Development of a Machine Learning Algorithm for Drug Screening Analysis on High-Resolution UPLC-MSE/QTOF Mass Spectrometry.
Academic Article
Overview
abstract
BACKGROUND: Ultra-performance liquid chromatography (UPLC)-MSE/quadrupole time-of-flight (QTOF) high-resolution mass spectrometry employs untargeted, data-independent acquisition in a dual mode that simultaneously collects precursor ions and product ions at low and ramped collision energies, respectively. However, algorithmic analysis of large-scale multivariate data of comprehensive drug screening as well as the positivity criteria of drug identification have not been systematically investigated.

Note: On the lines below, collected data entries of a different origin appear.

(* Let $X=\{x_1,\dots,x_n\}$ be a finite biquandle and $K$ a virtual knotoid diagram. For all $i,j\in\{1,\dots,n\}$, the number $\Phi_{X_{ij}}^{\mathbb{Z}}(K)$ of $X_{ij}$-colorings of $K$ is an invariant of virtual knotoids: if $K'$ is related to $K$ by a finite sequence of extended Reidemeister moves and isotopies of $S^2$, then $\Phi_{X_{ij}}^{\mathbb{Z}}(K)=\Phi_{X_{ij}}^{\mathbb{Z}}(K')$.
   Context: A virtual knotoid diagram is an immersed oriented open curve in $S^2$ (oriented from its endpoint called the tail to its endpoint called the head) with finitely many transversal double points, each of which is either a classical crossing (with over/under information) or a virtual crossing. Extended Reidemeister moves are the classical Reidemeister moves I, II, III, the virtual Reidemeister moves I, II, III (all crossings virtual) and the mixed (detour) move, all performed away from the endpoints (moving a strand adjacent to an endpoint over or under another strand is forbidden). A virtual knotoid is an equivalence class of diagrams under these moves and isotopy of $S^2$. A biquandle is a set $X$ with binary operations $\underline{\triangleright},\overline{\triangleright}$ such that for all $x,y,z$: $x\underline{\triangleright}x=x\overline{\triangleright}x$; the maps $x\mapsto x\overline{\triangleright}y$, $x\mapsto x\underline{\triangleright}y$ and $(x,y)\mapsto(y\overline{\triangleright}x,\,x\underline{\triangleright}y)$ are invertible; and $(x\underline{\triangleright}y)\underline{\triangleright}(z\underline{\triangleright}y)=(x\underline{\triangleright}z)\underline{\triangleright}(y\overline{\triangleright}z)$, $(x\underline{\triangleright}y)\overline{\triangleright}(z\underline{\triangleright}y)=(x\overline{\triangleright}z)\underline{\triangleright}(y\overline{\triangleright}z)$, $(x\overline{\triangleright}y)\overline{\triangleright}(z\overline{\triangleright}y)=(x\overline{\triangleright}z)\overline{\triangleright}(y\underline{\triangleright}z)$. Semi-arcs are the pieces into which crossings cut the curve; the tail (head) semi-arc is the one containing the tail (head). An $X$-coloring of $K$ assigns an element of $X$ to each semi-arc such that at each classical crossing, drawn with both strands oriented upward, incoming lower-left and lower-right colors $x,y$ give outgoing upper-left and upper-right colors $y\overline{\triangleright}x$ and $x\underline{\triangleright}y$, and at each virtual crossing colors pass through unchanged. An $X_{ij}$-coloring is an $X$-coloring in which the tail semi-arc is colored $x_i$ and the head semi-arc is colored $x_j$; $\Phi_{X_{ij}}^{\mathbb{Z}}(K)$ denotes their number.
   Formalization: At each classical crossing, both strands upward, the left colours x (under strand) and y (over strand) give right colours $x\underline{\triangleright}y$ and $y\overline{\triangleright}x$ respectively, in place of the lower-to-upper rule. The paper assumes this as well. *)

theory Defs
  imports Main
begin

definition biquandle :: "'a set \<Rightarrow> ('a \<Rightarrow> 'a \<Rightarrow> 'a) \<Rightarrow> ('a \<Rightarrow> 'a \<Rightarrow> 'a) \<Rightarrow> bool" where
  "biquandle X ul ol \<longleftrightarrow>
     (\<forall>x\<in>X. \<forall>y\<in>X. ul x y \<in> X \<and> ol x y \<in> X) \<and>
     (\<forall>x\<in>X. ul x x = ol x x) \<and>
     (\<forall>y\<in>X. bij_betw (\<lambda>x. ol x y) X X) \<and>
     (\<forall>y\<in>X. bij_betw (\<lambda>x. ul x y) X X) \<and>
     bij_betw (\<lambda>(x, y). (ol y x, ul x y)) (X \<times> X) (X \<times> X) \<and>
     (\<forall>x\<in>X. \<forall>y\<in>X. \<forall>z\<in>X.
        ul (ul x y) (ul z y) = ul (ul x z) (ol y z) \<and>
        ol (ul x y) (ul z y) = ul (ol x z) (ol y z) \<and>
        ol (ol x y) (ol z y) = ol (ol x z) (ul y z))"

text \<open>A letter (l, ov, pos) records a passage of the curve through the classical
  crossing labelled l; ov = True iff the passage is the over-passage; pos = True iff
  the crossing is positive. Virtual crossings are not recorded (colours pass
  through them unchanged). A diagram with m letters has semi-arcs 0..m; semi-arc 0
  is the tail semi-arc, semi-arc m the head semi-arc, and letter k lies between
  semi-arcs k and k+1.\<close>

type_synonym letter = "nat \<times> bool \<times> bool"

definition labels :: "letter list \<Rightarrow> nat set" where
  "labels w = fst ` set w"

definition gauss_diagram :: "letter list \<Rightarrow> bool" where
  "gauss_diagram w \<longleftrightarrow>
     (\<forall>l\<in>labels w. \<exists>p q s. p < length w \<and> q < length w \<and>
        w ! p = (l, True, s) \<and> w ! q = (l, False, s) \<and>
        (\<forall>i<length w. fst (w ! i) = l \<longrightarrow> i = p \<or> i = q))"

text \<open>Colouring rule at a classical crossing (drawn with both strands upward):
  if uL, uR (oL, oR) are the colours of the under (over) strand on the left and
  right side of the crossing, then uR = uL ul oL and oR = oL ol uL.
  At a positive crossing the over strand runs from the left to the right side and
  the under strand from the right to the left side; at a negative crossing the
  other way round.\<close>

definition crossing_ok ::
  "('a \<Rightarrow> 'a \<Rightarrow> 'a) \<Rightarrow> ('a \<Rightarrow> 'a \<Rightarrow> 'a) \<Rightarrow> bool \<Rightarrow> 'a \<Rightarrow> 'a \<Rightarrow> 'a \<Rightarrow> 'a \<Rightarrow> bool" where
  "crossing_ok ul ol pos o_in o_out u_in u_out \<longleftrightarrow>
     (if pos then u_in = ul u_out o_in \<and> o_out = ol o_in u_out
      else u_out = ul u_in o_out \<and> o_in = ol o_out u_in)"

definition is_coloring ::
  "'a set \<Rightarrow> ('a \<Rightarrow> 'a \<Rightarrow> 'a) \<Rightarrow> ('a \<Rightarrow> 'a \<Rightarrow> 'a) \<Rightarrow> letter list \<Rightarrow> 'a list \<Rightarrow> bool" where
  "is_coloring X ul ol w cs \<longleftrightarrow>
     length cs = Suc (length w) \<and> set cs \<subseteq> X \<and>
     (\<forall>p<length w. \<forall>q<length w. \<forall>l s.
        w ! p = (l, True, s) \<and> w ! q = (l, False, s) \<longrightarrow>
        crossing_ok ul ol s (cs ! p) (cs ! Suc p) (cs ! q) (cs ! Suc q))"

definition Phi ::
  "'a set \<Rightarrow> ('a \<Rightarrow> 'a \<Rightarrow> 'a) \<Rightarrow> ('a \<Rightarrow> 'a \<Rightarrow> 'a) \<Rightarrow> 'a \<Rightarrow> 'a \<Rightarrow> letter list \<Rightarrow> nat" where
  "Phi X ul ol xi xj w =
     card {cs. is_coloring X ul ol w cs \<and> cs ! 0 = xi \<and> cs ! length w = xj}"

text \<open>Virtual Reidemeister moves, detour moves and isotopies of S^2 do not change
  the Gauss code (up to renaming labels). The classical moves (away from the
  endpoints) act as follows.\<close>

definition r1_move :: "letter list \<Rightarrow> letter list \<Rightarrow> bool" where
  "r1_move w w' \<longleftrightarrow>
     (\<exists>u v l ov s. w = u @ [(l, ov, s), (l, \<not> ov, s)] @ v \<and> w' = u @ v \<and>
        l \<notin> labels (u @ v))"

definition r2_move :: "letter list \<Rightarrow> letter list \<Rightarrow> bool" where
  "r2_move w w' \<longleftrightarrow>
     (\<exists>u1 u2 u3 a b s rev ovfirst.
        a \<noteq> b \<and> a \<notin> labels (u1 @ u2 @ u3) \<and> b \<notin> labels (u1 @ u2 @ u3) \<and>
        (let OP = [(a, True, s), (b, True, \<not> s)];
             UP = (if rev then [(b, False, \<not> s), (a, False, s)]
                   else [(a, False, s), (b, False, \<not> s)])
         in w = u1 @ (if ovfirst then OP else UP) @ u2 @ (if ovfirst then UP else OP) @ u3) \<and>
        w' = u1 @ u2 @ u3)"

text \<open>Third move: three strands T (top), M (middle), B (bottom); crossing a is
  T over M, b is T over B, c is M over B. The flags oT, oM, oB give the order in
  which each strand meets its two crossings; the move reverses all three orders.
  The sign/order condition is exactly the one realised by three oriented
  strands bounding a small triangle in the plane.\<close>

definition r3_pieces ::
  "nat \<Rightarrow> nat \<Rightarrow> nat \<Rightarrow> bool \<Rightarrow> bool \<Rightarrow> bool \<Rightarrow> bool \<Rightarrow> bool \<Rightarrow> bool \<Rightarrow> letter list list" where
  "r3_pieces a b c sa sb sc oT oM oB =
     [ (if oT then [(a, True, sa), (b, True, sb)] else [(b, True, sb), (a, True, sa)]),
       (if oM then [(a, False, sa), (c, True, sc)] else [(c, True, sc), (a, False, sa)]),
       (if oB then [(b, False, sb), (c, False, sc)] else [(c, False, sc), (b, False, sb)]) ]"

definition r3_move :: "letter list \<Rightarrow> letter list \<Rightarrow> bool" where
  "r3_move w w' \<longleftrightarrow>
     (\<exists>u0 u1 u2 u3 a b c sa sb sc oT oM oB i j k.
        distinct [a, b, c] \<and> {a, b, c} \<inter> labels (u0 @ u1 @ u2 @ u3) = {} \<and>
        ((oM = oT) \<longleftrightarrow> (sb = sc)) \<and> ((oB = oT) \<longleftrightarrow> (sa = sc)) \<and>
        distinct [i, j, k] \<and> i < 3 \<and> j < 3 \<and> k < 3 \<and>
        (let P = r3_pieces a b c sa sb sc oT oM oB;
             Q = r3_pieces a b c sa sb sc (\<not> oT) (\<not> oM) (\<not> oB)
         in w = u0 @ P ! i @ u1 @ P ! j @ u2 @ P ! k @ u3 \<and>
            w' = u0 @ Q ! i @ u1 @ Q ! j @ u2 @ Q ! k @ u3))"

definition relabel_move :: "letter list \<Rightarrow> letter list \<Rightarrow> bool" where
  "relabel_move w w' \<longleftrightarrow>
     (\<exists>f. inj_on f (labels w) \<and> w' = map (\<lambda>(l, ov, s). (f l, ov, s)) w)"

definition knotoid_step :: "letter list \<Rightarrow> letter list \<Rightarrow> bool" where
  "knotoid_step w w' \<longleftrightarrow> gauss_diagram w \<and> gauss_diagram w' \<and>
     (r1_move w w' \<or> r1_move w' w \<or> r2_move w w' \<or> r2_move w' w \<or>
      r3_move w w' \<or> r3_move w' w \<or> relabel_move w w' \<or> relabel_move w' w)"

definition knotoid_equiv :: "letter list \<Rightarrow> letter list \<Rightarrow> bool" where
  "knotoid_equiv = knotoid_step\<^sup>*\<^sup>*"

end

theory Submission
  imports Defs
begin

text \<open>
  Counting colourings is local. Cutting a Gauss code at the pieces touched by a classical
  move, a colouring is an outer colouring together with colourings of the pieces that enter
  and leave them with prescribed colours. So it suffices that the old and the new pieces admit
  equally many such colourings, for all boundary colours.

  For the first and second moves there is exactly one colouring if every strand leaves with
  its entry colour and none otherwise: one colour on each strand determines a crossing, and on
  a finite biquandle the diagonal map \<open>x \<mapsto> ol x x\<close> is a bijection. For the third move
  the colours between the crossings determine the boundary colours and vice versa, and every
  triple of inner colours occurs, so for either orientation the colourings form the graph of a
  partial function with \<open>card X ^ 3\<close> elements. For one of the two orientations the exchange
  laws turn colourings of the old pieces into colourings of the new ones; equal cardinality then
  forces the two domains to coincide.
\<close>

lemma card_subsingleton:
  assumes "\<And>x y. x \<in> S \<Longrightarrow> y \<in> S \<Longrightarrow> x = y" and "S \<noteq> {} \<longleftrightarrow> P"
  shows "card S = (if P then 1 else 0)"
proof (cases "S = {}")
  case False
  then obtain x where "x \<in> S"
    by blast
  with assms(1) have "S = {x}"
    by blast
  with assms(2) show ?thesis
    by simp
qed (use assms(2) in simp)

It is also unclear whether ion ratio (IR), the intensity ratio of a defined product ion divided by the precursor ion, is a stable parameter that can be incorporated into the MSE/QTOF data analysis algorithm. METHODS: IR of 91 drugs were experimentally determined and variation of IR was investigated across 5 concentrations measured on 3 different days. A data-driven machine learning approach was employed to develop multivariate linear regression (MLR) models incorporating mass error, retention time, number of detected fragment ions and IR, accuracy of isotope abundance, and peak response using drug-supplemented urine samples. Performance of the models was evaluated in an independent data set of unknown clinical urine samples in comparison with the results of manual analysis. RESULTS: IR of most compounds acquired by MSE/QTOF were low and concentration-dependent (i.e., IR increased at higher concentrations). We developed an MLR model with composite score outputs incorporating 7 parameters to predict positive drug identification. The model achieved a mean accuracy of 89.38% in the validation set and 87.92% agreement in the test set. CONCLUSIONS: The MLR model incorporating all contributing parameters can serve as a decision-support tool to facilitate objective drug identification using UPLC-MSE/QTOF.